section \<open>Finiteness of the edge set\<close>

lemma AE_PiM_gamma_finite_positive_weights:
  assumes \<rho>: "finite_positive_weights \<rho>" and s: "0 < s"
  shows "AE \<theta> in PiM UNIV (\<lambda>i. gamma_measure (\<rho> i) s). finite_positive_weights \<theta>"
proof -
  have prob: "prob_space (gamma_measure (\<rho> i) s)" for i
    using \<rho> s by (simp add: finite_positive_weights_def prob_space_gamma_measure)
  have "(\<integral>\<^sup>+i. (\<integral>\<^sup>+x. ennreal x \<partial>gamma_measure (\<rho> i) s) \<partial>count_space UNIV)
      = (\<integral>\<^sup>+i. ennreal s * ennreal (\<rho> i) \<partial>count_space UNIV)"
    using \<rho> s by (intro nn_integral_cong)
      (simp add: finite_positive_weights_def nn_integral_gamma_measure_id ennreal_mult'
                 mult.commute)
  also have "\<dots> = ennreal s * (\<integral>\<^sup>+i. ennreal (\<rho> i) \<partial>count_space UNIV)"
    by (rule nn_integral_cmult) simp
  also have "\<dots> < \<infinity>"
    using \<rho> by (simp add: finite_positive_weights_def ennreal_mult_less_top)
  finally have "AE \<theta> in PiM UNIV (\<lambda>i. gamma_measure (\<rho> i) s).
      (\<integral>\<^sup>+i. ennreal (\<theta> i) \<partial>count_space UNIV) < \<infinity>"
    using prob by (intro AE_PiM_nn_integral_count_space_finite) auto
  moreover have "AE \<theta> in PiM UNIV (\<lambda>i. gamma_measure (\<rho> i) s). \<forall>i. 0 < \<theta> i"
    using prob by (simp add: AE_all_countable AE_PiM_component AE_gamma_measure_pos)
  ultimately show ?thesis
    by (simp add: finite_positive_weights_def)
qed

lemma AE_PiM_edges_finite:
  assumes \<theta>: "finite_positive_weights \<theta>" and \<psi>: "finite_positive_weights \<psi>" and r: "0 < r"
  shows "AE z in PiM UNIV (\<lambda>(i, j). measure_pmf (bernoulli_pmf (1 - exp (- r * \<theta> i * \<psi> j)))).
           finite {(i, j). z (i, j)}"
proof -
  define p where "p = (\<lambda>(i, j). 1 - exp (- r * \<theta> i * \<psi> j))"
  have "0 \<le> r * \<theta> i * \<psi> j" for i j
    using \<theta> \<psi> r by (simp add: finite_positive_weights_def less_imp_le)
  then have p_bounds: "0 \<le> p e" "p e \<le> 1" "p e \<le> r * \<theta> (fst e) * \<psi> (snd e)" for e
    using exp_ge_add_one_self[of "- r * \<theta> (fst e) * \<psi> (snd e)"]
    by (auto simp: p_def split: prod.split)
  have "ennreal (p e) \<le> ennreal (r * \<theta> (fst e)) * ennreal (\<psi> (snd e))" for e
  proof -
    have "ennreal (p e) \<le> ennreal (r * \<theta> (fst e) * \<psi> (snd e))"
      using p_bounds(3) by (rule ennreal_leI)
    also have "\<dots> = ennreal (r * \<theta> (fst e)) * ennreal (\<psi> (snd e))"
      using \<theta> \<psi> r by (intro ennreal_mult) (auto simp: finite_positive_weights_def less_imp_le)
    finally show ?thesis .
  qed
  then have "(\<integral>\<^sup>+e. ennreal (p e) \<partial>count_space UNIV)
      \<le> (\<integral>\<^sup>+e. ennreal (r * \<theta> (fst e)) * ennreal (\<psi> (snd e)) \<partial>count_space UNIV)"
    by (intro nn_integral_mono)
  also have "\<dots> = ennreal r * (\<integral>\<^sup>+i. ennreal (\<theta> i) \<partial>count_space UNIV)
                               * (\<integral>\<^sup>+j. ennreal (\<psi> j) \<partial>count_space UNIV)"
    using r by (subst nn_integral_count_space_prod) (simp add: ennreal_mult' nn_integral_cmult)
  also have "\<dots> < \<infinity>"
    using \<theta> \<psi> by (simp add: finite_positive_weights_def ennreal_mult_less_top)
  finally have "AE z in PiM UNIV (\<lambda>e. measure_pmf (bernoulli_pmf (p e))). finite {e. z e}"
    using p_bounds by (intro AE_PiM_bernoulli_finite) auto
  moreover have "(\<lambda>e. measure_pmf (bernoulli_pmf (p e)))
      = (\<lambda>(i, j). measure_pmf (bernoulli_pmf (1 - exp (- r * \<theta> i * \<psi> j))))"
    by (auto simp: p_def)
  moreover have "{e. z e} = {(i, j). z (i, j)}" for z :: "nat \<times> nat \<Rightarrow> bool"
    by auto
  ultimately show ?thesis
    by (simp only:)
qed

■ ■ ■ ■

**Aim of the exercise**: Your answer must be every line from the entries that contains the string "shows", copied as it stands.

**Finished exercise**:
  shows "AE \<theta> in PiM UNIV (\<lambda>i. gamma_measure (\<rho> i) s). finite_positive_weights \<theta>"
  shows "AE z in PiM UNIV (\<lambda>(i, j). measure_pmf (bernoulli_pmf (1 - exp (- r * \<theta> i * \<psi> j)))).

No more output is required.